### Description of the task
As the answer, set down the lines below from the one containing "function of a Borel probability measure.\<close>" through the one containing "(\<forall>t::real.", exactly and inclusively, and no others.

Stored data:
(* Let $U$ be a separable real Banach space with closed unit ball $B_U$, and let $\lambda$ be a $\sigma$-finite measure on $\mathcal B(U)$ with $\lambda(\{0\})=0$. Let $N$ be a Poisson random measure on $(0,\infty)\times U$ with intensity measure $\mathrm{Leb}\otimes\lambda$. If for all $u^\ast\in U^\ast$ the image measure $\langle\lambda,u^\ast\rangle$ is a Lévy measure on $\mathbb R$, then for all $u^\ast\in U^\ast$, $$\int_{(0,1]\times B_U}|\langle u,u^\ast\rangle|^2\,N(\mathrm ds,\mathrm du)<\infty\quad\text{almost surely.}$$
   Context: $\langle\lambda,u^\ast\rangle$ denotes the image (push-forward) of $\lambda$ under $u\mapsto\langle u,u^\ast\rangle$. A $\sigma$-finite measure $\lambda$ on the Borel sets of a separable Banach space $W$ with $\lambda(\{0\})=0$ is a Lévy measure if $w^\ast\mapsto\exp\big(\int_W(e^{i\langle w,w^\ast\rangle}-1-i\langle w,w^\ast\rangle\mathbf 1_{\{\|w\|\le1\}})\,\lambda(\mathrm dw)\big)$ is the characteristic function of a Borel probability measure on $W$ (here applied with $W=\mathbb R$). A Poisson random measure on $(0,\infty)\times U$ with intensity $\nu=\mathrm{Leb}\otimes\lambda$ is a random measure $N$ with values in $\{0,1,\dots\}\cup\{\infty\}$ such that $N(A)$ is Poisson with parameter $\nu(A)$ and $N(A_1),\dots,N(A_n)$ are independent for disjoint $A_i$. *)

theory Defs
  imports "HOL-Probability.Probability"
begin

text \<open>Levy measure on the real line (W = R, the dual pairing being (x,t) maps to t*x):
  a sigma-finite Borel measure with no mass at 0 such that
  t maps to exp(integral of (e^{itx} - 1 - itx 1_{|x| <= 1})) is the characteristic
  function of a Borel probability measure.\<close>
definition levy_measure_real :: "real measure \<Rightarrow> bool" where
  "levy_measure_real m \<longleftrightarrow>
     sets m = sets borel \<and> sigma_finite_measure m \<and> emeasure m {0} = 0 \<and>
     (\<exists>\<mu>. prob_space \<mu> \<and> sets \<mu> = sets borel \<and>
        (\<forall>t::real.
           integrable m (\<lambda>x. iexp (t * x) - 1 - \<i> * complex_of_real (t * x) * indicator {-1..1} x) \<and>
           char \<mu> t = exp (CLINT x|m. iexp (t * x) - 1 - \<i> * complex_of_real (t * x) * indicator {-1..1} x)))"

definition image_measure_nz :: "'u measure \<Rightarrow> ('u \<Rightarrow> real) \<Rightarrow> real measure" where
  "image_measure_nz lam f = density (distr lam borel f) (indicator (- {0}))"

text \<open>Poisson random measure on the probability space P, with values in measures on the
  measurable space of nu, with intensity nu.  Poisson with parameter infinity means
  almost surely infinite.\<close>
definition poisson_random_measure :: "'w measure \<Rightarrow> ('w \<Rightarrow> 'a measure) \<Rightarrow> 'a measure \<Rightarrow> bool" where
  "poisson_random_measure P N \<nu> \<longleftrightarrow>
     (\<forall>\<omega>\<in>space P. sets (N \<omega>) = sets \<nu>) \<and>
     (\<forall>A\<in>sets \<nu>. (\<lambda>\<omega>. emeasure (N \<omega>) A) \<in> borel_measurable P) \<and>
     (\<forall>\<omega>\<in>space P. \<forall>A\<in>sets \<nu>. emeasure (N \<omega>) A \<in> range of_nat \<union> {\<infinity>}) \<and>
     (\<forall>A\<in>sets \<nu>.
        (emeasure \<nu> A < \<infinity> \<longrightarrow>
           (AE \<omega> in P. emeasure (N \<omega>) A < \<infinity>) \<and>
           (\<forall>k::nat. measure P {\<omega>\<in>space P. emeasure (N \<omega>) A = of_nat k} =
               exp (- enn2real (emeasure \<nu> A)) * enn2real (emeasure \<nu> A) ^ k / fact k)) \<and>
        (emeasure \<nu> A = \<infinity> \<longrightarrow> (AE \<omega> in P. emeasure (N \<omega>) A = \<infinity>))) \<and>
     (\<forall>(I::nat set) A. finite I \<longrightarrow> disjoint_family_on A I \<longrightarrow> A ` I \<subseteq> sets \<nu> \<longrightarrow>
        prob_space.indep_vars P (\<lambda>_. borel) (\<lambda>i \<omega>. emeasure (N \<omega>) (A i)) I)"

end

theory Submission
  imports Defs
begin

### Task result
  function of a Borel probability measure.\<close>
definition levy_measure_real :: "real measure \<Rightarrow> bool" where
  "levy_measure_real m \<longleftrightarrow>
     sets m = sets borel \<and> sigma_finite_measure m \<and> emeasure m {0} = 0 \<and>
     (\<exists>\<mu>. prob_space \<mu> \<and> sets \<mu> = sets borel \<and>
        (\<forall>t::real.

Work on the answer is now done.